Multtest package

Let’s start by installing the multtest package. This package is not available directly on the CRAN. More precisely it belongs to a package group focused on biological data analysis, called Bioconductor.

source("http://bioconductor.org/biocLite.R")
biocLite("multtest")

Let’s now load the package:

library(multtest)

Load the dataset liver.toxicity available in the mixOmics package:

# install.packages('mixOmics')
data("liver.toxicity", package = "mixOmics")
help(liver.toxicity, package = "mixOmics")
x <- liver.toxicity$gene
y <- liver.toxicity$clinic$ALB.g.dL.
dim(x)
m <- ncol(x)
x[1:6, 1:6]
str(y)

1 Test of association of gene n°1 with the response

Let’s consider the first gene. What do you propose as a statistical test for determine whether the expression of this gene varies significantly with the stimulation?

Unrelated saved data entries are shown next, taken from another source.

(* Let $A$ be an $n\times n$ complex matrix, let $B=A-\frac{\operatorname{tr}A}{n}I$, and let $r$ be a positive integer. Then $$\operatorname{spd}(A)^{2r}\le 2^{2r-1}\operatorname{tr}\big(B^r(B^* )^r\big).$$
   Context: For $A$ with eigenvalues $\lambda_1,\dots,\lambda_n$ (counted with multiplicity), the spread is $\operatorname{spd}(A)=\max_{i,j}|\lambda_i-\lambda_j|$. $B^*$ is the conjugate transpose of $B$. *)

theory Defs
  imports "Jordan_Normal_Form.Schur_Decomposition"
begin

definition mtrace :: "'a::comm_ring_1 mat \<Rightarrow> 'a" where
  "mtrace A = (\<Sum>i<dim_row A. A $$ (i, i))"

text \<open>Spread of a square complex matrix: the maximal distance between two
eigenvalues (eigenvalues are the roots of the characteristic polynomial; the
maximum over the multiset equals the maximum over the set of eigenvalues).\<close>
definition spd :: "complex mat \<Rightarrow> real" where
  "spd A = Max {cmod (x - y) | x y. eigenvalue A x \<and> eigenvalue A y}"

end

theory Submission
  imports Defs "Jordan_Normal_Form.Spectral_Radius"
begin

text \<open>Let \<open>x \<noteq> y\<close> be eigenvalues of \<open>A\<close> with \<open>spd A = \<bar>x - y\<bar>\<close>, and put \<open>c = tr A / n\<close>.
Eigenvectors \<open>v, w\<close> of \<open>A\<close> for \<open>x, y\<close> are linearly independent eigenvectors of \<open>M = B\<^sup>r\<close> for
\<open>(x - c)\<^sup>r\<close> and \<open>(y - c)\<^sup>r\<close>. Gram--Schmidt turns \<open>v, w\<close> into an orthonormal pair \<open>u\<^sub>1, u\<^sub>2\<close>
with \<open>\<langle>M u\<^sub>1, u\<^sub>1\<rangle> = (x - c)\<^sup>r\<close> and \<open>\<langle>M u\<^sub>2, u\<^sub>2\<rangle> = (y - c)\<^sup>r\<close>, and Bessel's inequality,
applied to the columns \<open>M u\<^sub>k\<close> and to the rows of \<open>M\<close>, bounds \<open>\<bar>x - c\<bar>\<^sup>2\<^sup>r + \<bar>y - c\<bar>\<^sup>2\<^sup>r\<close>
by the squared Frobenius norm \<open>tr (M M\<^sup>*) = tr (B\<^sup>r (B\<^sup>*)\<^sup>r)\<close>. Convexity of \<open>t \<mapsto> t\<^sup>2\<^sup>r\<close> gives
\<open>\<bar>x - y\<bar>\<^sup>2\<^sup>r \<le> (\<bar>x - c\<bar> + \<bar>y - c\<bar>)\<^sup>2\<^sup>r \<le> 2\<^sup>2\<^sup>r\<^sup>-\<^sup>1 (\<bar>x - c\<bar>\<^sup>2\<^sup>r + \<bar>y - c\<bar>\<^sup>2\<^sup>r)\<close>.\<close>

text \<open>Vectors of \<open>\<complex>\<^sup>n\<close> are handled as coordinate functions read on \<open>{..<n}\<close>, which keeps
carrier side conditions out of the Gram--Schmidt and Bessel arguments.\<close>

definition cinner :: "nat \<Rightarrow> (nat \<Rightarrow> complex) \<Rightarrow> (nat \<Rightarrow> complex) \<Rightarrow> complex" where
  "cinner n f g = (\<Sum>j<n. f j * cnj (g j))"

lemma cinner_commute: "cinner n g f = cnj (cinner n f g)"
  unfolding cinner_def by (simp add: mult.commute)

lemma cinner_cnj: "cinner n (\<lambda>j. cnj (f j)) (\<lambda>j. cnj (g j)) = cnj (cinner n f g)"
  unfolding cinner_def by simp

lemma cinner_scale_left: "cinner n (\<lambda>j. c * f j) g = c * cinner n f g"
  unfolding cinner_def by (simp add: sum_distrib_left algebra_simps)

lemma cinner_scale_right: "cinner n f (\<lambda>j. c * g j) = cnj c * cinner n f g"
  unfolding cinner_def by (simp add: sum_distrib_left algebra_simps)

lemma cinner_diff_left: "cinner n (\<lambda>j. f j - c * g j) h = cinner n f h - c * cinner n g h"
  unfolding cinner_def by (simp add: algebra_simps sum_subtractf sum_distrib_left)

lemma cinner_diff_right: "cinner n h (\<lambda>j. f j - c * g j) = cinner n h f - cnj c * cinner n h g"
  unfolding cinner_def by (simp add: algebra_simps sum_subtractf sum_distrib_left)

lemma cinner_cong_left: "(\<And>j. j < n \<Longrightarrow> f j = f' j) \<Longrightarrow> cinner n f g = cinner n f' g"
  unfolding cinner_def by (rule sum.cong) auto

lemma cinner_self: "cinner n f f = of_real (\<Sum>j<n. (cmod (f j))\<^sup>2)"
  by (simp only: cinner_def of_real_sum complex_norm_square)

lemma Re_cinner_self: "Re (cinner n f f) = (\<Sum>j<n. (cmod (f j))\<^sup>2)"
  by (simp add: cinner_self)

lemma Re_cinner_self_nonneg: "0 \<le> Re (cinner n f f)"
  by (simp add: Re_cinner_self sum_nonneg)

lemma cinner_self_eq_0D:
  assumes "cinner n f f = 0" and "j < n"
  shows "f j = 0"
proof -
  have "(\<Sum>j<n. (cmod (f j))\<^sup>2) = 0"
    using assms(1) unfolding cinner_self by (simp only: of_real_eq_0_iff)
  with assms(2) show ?thesis
    by (simp add: sum_nonneg_eq_0_iff)
qed

lemma Re_cinner_self_remove_component:
  fixes a w :: "nat \<Rightarrow> complex"
  assumes "cinner n w w = 1"
  defines "c \<equiv> cinner n a w"
  shows "Re (cinner n (\<lambda>j. a j - c * w j) (\<lambda>j. a j - c * w j)) = Re (cinner n a a) - (cmod c)\<^sup>2"
proof -
  have "cinner n (\<lambda>j. a j - c * w j) w = 0"
    using assms by (simp add: cinner_diff_left)
  then have "cinner n (\<lambda>j. a j - c * w j) (\<lambda>j. a j - c * w j) = cinner n a a - c * cnj c"
    by (simp add: cinner_diff_left cinner_diff_right cinner_commute[of n w a] c_def)
  then show ?thesis
    by (simp flip: complex_norm_square)
qed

2 All individual tests and naive p-value

We now want to obtain the m naive p-values corresponding to all the individual tests. Calculate these p-values.

3 Correction of p-values by multiple testing procedures

3.1 Correction of p-values

Using the function mt.rawp2adjp(), correct previous naive p-values. We consider the 3 procedures: Bonferroni, Holm and Benjamini-Hochberg.

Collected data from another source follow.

lemma min_winning_shift:
  assumes des: "desirable n v i (Suc i)" and C: "C \<in> min_winning n v"
    and "i \<in> C" "Suc i \<notin> C" "Suc i \<le> n"
    and win: "v (insert (Suc i) (C - {i}))"
  shows "insert (Suc i) (C - {i}) \<in> min_winning n v"
proof -
  have CN: "C \<subseteq> {1..n}" and C_loss: "\<And>k. k \<in> C \<Longrightarrow> \<not> v (C - {k})"
    using C unfolding min_winning_def by auto
  have "\<not> v (insert (Suc i) (C - {i}) - {k})" if "k \<in> insert (Suc i) (C - {i})" for k
  proof (cases "k = Suc i")
    case True
    with \<open>Suc i \<notin> C\<close> \<open>i \<in> C\<close> C_loss show ?thesis by auto
  next
    case False
    with that have k: "k \<in> C" "k \<noteq> i" by auto
    have "insert (Suc i) (C - {i}) - {k} = (C - {i, k}) \<union> {Suc i}" using False by auto
    moreover have "C - {i, k} \<subseteq> {1..n} - {i, Suc i}" using CN \<open>Suc i \<notin> C\<close> by auto
    moreover have "(C - {i, k}) \<union> {i} = C - {k}" using \<open>i \<in> C\<close> k by auto
    ultimately show ?thesis using des C_loss[OF k(1)] unfolding desirable_def by metis
  qed
  moreover have "insert (Suc i) (C - {i}) \<subseteq> {1..n}" using CN \<open>Suc i \<le> n\<close> by auto
  ultimately show ?thesis using win unfolding min_winning_def by auto
qed

lemma sum_index_weighted_transpose:
  fixes f :: "nat \<Rightarrow> real"
  assumes "finite N" "i \<in> N" "Suc i \<in> N"
  shows "(\<Sum>k\<in>N. real k * f (transpose i (Suc i) k)) = (\<Sum>k\<in>N. real k * f k) + f i - f (Suc i)"
proof -
  have N: "N = insert i (insert (Suc i) (N - {i, Suc i}))" using assms by auto
  have "(\<Sum>k\<in>N - {i, Suc i}. real k * f (transpose i (Suc i) k)) = (\<Sum>k\<in>N - {i, Suc i}. real k * f k)"
    by (rule sum.cong) auto
  then show ?thesis using assms(1) by (subst (1 2) N) (simp add: algebra_simps)
qed

context
  fixes n :: nat and v :: "nat set \<Rightarrow> bool" and u :: "nat \<Rightarrow> real" and q :: real and i :: nat
  assumes rep: "weighted_rep n v u q" and des: "desirable n v i (Suc i)"
    and i: "1 \<le> i" "Suc i \<le> n" and lt: "u i < u (Suc i)"
begin

text \<open>Desirability gives \<open>i \<succeq> i + 1\<close> and the weights give the converse, so the two players
  are interchangeable.\<close>

lemma winning_insert_adjacent_iff:
  assumes B: "B \<subseteq> {1..n} - {i, Suc i}"
  shows "v (insert (Suc i) B) \<longleftrightarrow> v (insert i B)"
proof
  show "v (insert (Suc i) B) \<Longrightarrow> v (insert i B)" using des B unfolding desirable_def by simp
next
  have "finite B" "i \<notin> B" "Suc i \<notin> B" using B finite_subset by auto
  then have "sum u (insert i B) < sum u (insert (Suc i) B)" using lt by simp
  moreover have "insert i B \<subseteq> {1..n}" "insert (Suc i) B \<subseteq> {1..n}" using B i by auto
  moreover assume "v (insert i B)"
  ultimately show "v (insert (Suc i) B)" using rep unfolding weighted_rep_def by force
qed

lemma winning_transpose_image_iff:
  assumes S: "S \<subseteq> {1..n}"
  shows "v (transpose i (Suc i) ` S) \<longleftrightarrow> v S"
proof -
  define B where "B = S - {i, Suc i}"
  have B: "B \<subseteq> {1..n} - {i, Suc i}" and tB: "transpose i (Suc i) ` B = B"
    using S by (auto simp: B_def)
  consider "i \<in> S \<longleftrightarrow> Suc i \<in> S" | "i \<in> S" "Suc i \<notin> S" | "Suc i \<in> S" "i \<notin> S" by blast
  then show ?thesis
  proof cases
    case 2
    then have "S = insert i B" by (auto simp: B_def)
    with tB winning_insert_adjacent_iff[OF B] show ?thesis by simp
  next
    case 3
    then have "S = insert (Suc i) B" by (auto simp: B_def)
    with tB winning_insert_adjacent_iff[OF B] show ?thesis by simp
  qed simp
qed

lemma weighted_rep_transpose: "weighted_rep n v (u \<circ> transpose i (Suc i)) q"
  unfolding weighted_rep_def
proof (intro allI impI)
  let ?t = "transpose i (Suc i)"
  fix S assume S: "S \<subseteq> {1..n}"
  have "?t permutes {1..n}" using i by (intro permutes_swap_id) auto
  then have "?t ` S \<subseteq> {1..n}" using S by (metis image_mono permutes_image)
  then have "v S \<longleftrightarrow> q \<le> sum u (?t ` S)"
    using winning_transpose_image_iff[OF S] rep unfolding weighted_rep_def by blast
  also have "sum u (?t ` S) = sum (u \<circ> ?t) S" by (simp add: sum.reindex)
  finally show "v S \<longleftrightarrow> q \<le> sum (u \<circ> ?t) S" .
qed

end

locale sorted_weighted_game =
  fixes n :: nat and v :: "nat set \<Rightarrow> bool" and u :: "nat \<Rightarrow> real" and q :: real
  assumes rep: "weighted_rep n v u q"
    and quota_nonneg: "0 \<le> q"
    and weight_nonneg: "\<And>i. i \<in> {1..n} \<Longrightarrow> 0 \<le> u i"
    and weight_sorted: "\<And>i. 1 \<le> i \<Longrightarrow> i < n \<Longrightarrow> u (Suc i) \<le> u i"
    and canonical: "\<And>i. 1 \<le> i \<Longrightarrow> i < n \<Longrightarrow> desirable n v i (Suc i)"

lemma canonical_wvg_sorted_weights:
  assumes "canonical_wvg n v"
  shows "\<exists>u q. sorted_weighted_game n v u q"
proof -
  obtain q w where q: "0 \<le> q" and w: "\<forall>i\<in>{1..n}. 0 \<le> w i" and rep: "weighted_rep n v w q"
    using assms unfolding canonical_wvg_def weighted_voting_game_def weighted_rep_def by blast
  have des: "\<And>i. 1 \<le> i \<Longrightarrow> i < n \<Longrightarrow> desirable n v i (Suc i)"
    using assms unfolding canonical_wvg_def by blast
  define P where "P = {\<pi>. \<pi> permutes {1..n} \<and> weighted_rep n v (w \<circ> \<pi>) q}"
  define cost where "cost \<pi> = (\<Sum>k\<in>{1..n}. real k * w (\<pi> k))" for \<pi> :: "nat \<Rightarrow> nat"
  define \<pi> where "\<pi> = arg_min_on cost P"
  have "P \<noteq> {}" using rep by (auto simp: P_def intro!: exI[of _ id])
  have "finite P"
    unfolding P_def by (rule finite_subset[OF _ finite_permutations[of "{1..n}"]]) auto
  have "\<pi> \<in> P" using \<open>finite P\<close> \<open>P \<noteq> {}\<close> unfolding \<pi>_def by (rule arg_min_if_finite(1))
  have \<pi>_least: "cost \<pi> \<le> cost \<sigma>" if "\<sigma> \<in> P" for \<sigma>
    using \<open>finite P\<close> \<open>P \<noteq> {}\<close> that unfolding \<pi>_def by (rule arg_min_least)
  from \<open>\<pi> \<in> P\<close> have perm: "\<pi> permutes {1..n}" and rep\<pi>: "weighted_rep n v (w \<circ> \<pi>) q"
    by (auto simp: P_def)
  have "w (\<pi> (Suc i)) \<le> w (\<pi> i)" if i: "1 \<le> i" "i < n" for i
  proof (rule ccontr)
    let ?t = "transpose i (Suc i)"
    assume "\<not> w (\<pi> (Suc i)) \<le> w (\<pi> i)"
    then have lt: "(w \<circ> \<pi>) i < (w \<circ> \<pi>) (Suc i)" by simp
    have "weighted_rep n v (w \<circ> (\<pi> \<circ> ?t)) q"
      using weighted_rep_transpose[OF rep\<pi> des[OF i] _ _ lt] i by (simp add: comp_def)
    moreover have "\<pi> \<circ> ?t permutes {1..n}" using perm i by (intro permutes_compose permutes_swap_id) auto
    ultimately have "cost \<pi> \<le> cost (\<pi> \<circ> ?t)" by (intro \<pi>_least) (simp add: P_def)
    moreover have "cost (\<pi> \<circ> ?t) = cost \<pi> + w (\<pi> i) - w (\<pi> (Suc i))"
      using sum_index_weighted_transpose[of "{1..n}" i "w \<circ> \<pi>"] i by (simp add: cost_def)
    ultimately show False using lt by simp
  qed
  moreover have "\<And>i. i \<in> {1..n} \<Longrightarrow> 0 \<le> (w \<circ> \<pi>) i" using w permutes_in_image[OF perm] by (metis comp_apply)
  ultimately have "sorted_weighted_game n v (w \<circ> \<pi>) q"
    using rep\<pi> q des by unfold_locales simp_all
  then show ?thesis by blast
qed

context sorted_weighted_game
begin

lemma winning_iff: "S \<subseteq> {1..n} \<Longrightarrow> v S \<longleftrightarrow> q \<le> sum u S"
  using rep unfolding weighted_rep_def by blast

lemma winning_mono:
  assumes "v S" "S \<subseteq> T" "T \<subseteq> {1..n}"
  shows "v T"
proof -
  have "finite T" using assms(3) finite_subset by blast
  then have "sum u S \<le> sum u T" using assms weight_nonneg by (intro sum_mono2) auto
  moreover have "S \<subseteq> {1..n}" using assms by blast
  ultimately show ?thesis using assms winning_iff[of S] winning_iff[of T] by auto
qed

lemma weight_antimono:
  assumes "1 \<le> i" "i \<le> j" "j \<le> n"
  shows "u j \<le> u i"
  using assms(2,3)
proof (induction rule: dec_induct)
  case (step k)
  with weight_sorted[of k] assms(1) show ?case by simp
qed simp

lemma min_winning_proper_subset_losing:
  assumes "C \<in> min_winning n v" "R \<subset> C"
  shows "\<not> v R"
proof
  assume "v R"
  obtain i where "i \<in> C" "R \<subseteq> C - {i}" using assms(2) by blast
  moreover have "C \<subseteq> {1..n}" using assms(1) by (simp add: min_winning_def)
  ultimately have "v (C - {i})" using winning_mono[OF \<open>v R\<close>] by blast
  with \<open>i \<in> C\<close> assms(1) show False by (simp add: min_winning_def)
qed

lemma min_winning_if_empty_winning:
  assumes "v {}"
  shows "min_winning n v = {{}}"
proof -
  have "S = {}" if "S \<in> min_winning n v" for S
    using min_winning_proper_subset_losing[OF that] assms by blast
  moreover have "{} \<in> min_winning n v" using assms by (simp add: min_winning_def)
  ultimately show ?thesis by blast
qed

lemma losing_margin: "\<exists>\<epsilon>::real>0. \<forall>S \<subseteq> {1..n}. \<not> v S \<longrightarrow> sum u S + \<epsilon> * n < q"
proof -
  define L where "L = {S. S \<subseteq> {1..n} \<and> \<not> v S}"
  define \<gamma> where "\<gamma> = Min (insert 1 ((\<lambda>S. q - sum u S) ` L))"
  have "finite L" by (simp add: L_def)
  then have \<gamma>_le: "\<gamma> \<le> q - sum u S" if "S \<in> L" for S
    using that by (simp add: \<gamma>_def)
  have "0 < \<gamma>" using \<open>finite L\<close> winning_iff by (auto simp: \<gamma>_def L_def)
  then have "\<gamma> / (n + 1) > 0" "\<gamma> / (n + 1) * n < \<gamma>" by (simp_all add: field_simps)
  moreover have "sum u S + \<gamma> / (n + 1) * n < q" if "S \<subseteq> {1..n}" "\<not> v S" for S
  proof -
    have "\<gamma> \<le> q - sum u S" using \<gamma>_le that by (simp add: L_def)
    with \<open>\<gamma> / (n + 1) * n < \<gamma>\<close> show ?thesis by linarith
  qed
  ultimately show ?thesis by blast
qed

end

3.2 FWER control at 5% level

How many genes are significantly related albumine level if we want an overall level of FWER controlled by 5% ? Keep these genes in an object named fwer.

3.3 FDR control at 5% level

How many genes are significantly related to the albumine level if we want an overall level of 5% FDR controlled by 5% ? Keep these genes in an object named fdr.